Felhing's B: clear and colourless solution of potassium sodium tartrate and sodium hydroxide.

Some sugars are capable of reducing copper II ions to copper I ions. This reducing ability is useful in classifying sugars. When the sugar to be tested is added to the Felhing's solution sugars can be oxidized anf felhing's mixture can obtain this electrons.

2. Objectives

• Identify reducing sugars.
• Comprehend redox reactions.
• Understand the relation between structure and reducing ability of some sugars.

3. Hypotesis

The hypotesis is to identify which sugars perform felhing reactor's.

4. Material

• Test tube rack
• 10mL pipet
• distilled water
• 5 test tubes
• 5 spatula

• Lactose
• Maltose
• Glucose
• Sucrose
• Starch
• Felhibg's A and B solutions
• HCl

5. Procedure

First of all, we took 5 test tubes from the previous practice and we put 2 mL of Felhin's A and B Feling's solutions and put them to warn up. After 10 minutes we took the test tubes and we observed the results.

6. Observations

We have observed that glucose, maltose, lactose Felhing's reagent changed from blue to orange. And sucurose the mixture with felhing reagent didn't change the same with starch.

7. Conlusions

Monosaccharides  and some disaccharides have reducing power. However polysaccharides like starch isn't reducing sugar.

8. Questions

1. From your observations and the structures of sugars given above, indicate which functional group in the sugar molecules reacts with Felhing's reagent.

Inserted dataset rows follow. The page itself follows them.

lemma AE_lborel_exists_between:
  fixes u v :: real
  assumes "AE t in lborel. P t" "u < v"
  obtains t where "u < t" "t < v" "P t"
proof (rule ccontr)
  assume "\<not> thesis"
  with that have "{u<..<v} \<subseteq> {t. \<not> P t}" by auto
  moreover obtain N where "{t \<in> space lborel. \<not> P t} \<subseteq> N" "emeasure lborel N = 0" "N \<in> sets lborel"
    using assms(1) by (rule AE_E)
  ultimately have "emeasure lborel {u<..<v} \<le> emeasure lborel N"
    by (intro emeasure_mono) auto
  moreover have "emeasure lborel {u<..<v} = ennreal (v - u)"
    using \<open>u < v\<close> by simp
  ultimately show False
    using \<open>emeasure lborel N = 0\<close> \<open>u < v\<close> by simp
qed

lemma integrable_poly_mult:
  fixes u F :: "'a \<Rightarrow> real"
  assumes "\<And>n. integrable M (\<lambda>z. u z ^ n * F z)"
  shows "integrable M (\<lambda>z. poly s (u z) * F z)"
proof -
  have "poly s (u z) * F z = (\<Sum>i\<le>degree s. coeff s i * (u z ^ i * F z))" for z
    unfolding poly_altdef sum_distrib_right by (simp add: mult.assoc)
  then show ?thesis
    using assms by (simp add: Bochner_Integration.integrable_sum)
qed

The OH from an anomeric C.

2. Compare the results you obtained for the fehling's test of starch and fehling's test of hydrolyzed starch. Explain your results.

If we hydrolize starch, glucose are released and they react with Felhing reagent.

3. Would have you obtained a Felhing's positive test if you had hydrolyzed the sucrose (as you have done with starch)? why?

The sucrose has no free 0H therefore not react with the reagent Felhing, like the starch.

4.  What does " reducing sugars" term mean?

The solutions that react with the reagent Felhing are monosaccharides having a free OH, such as glucose, fructose, sucrose and maltose.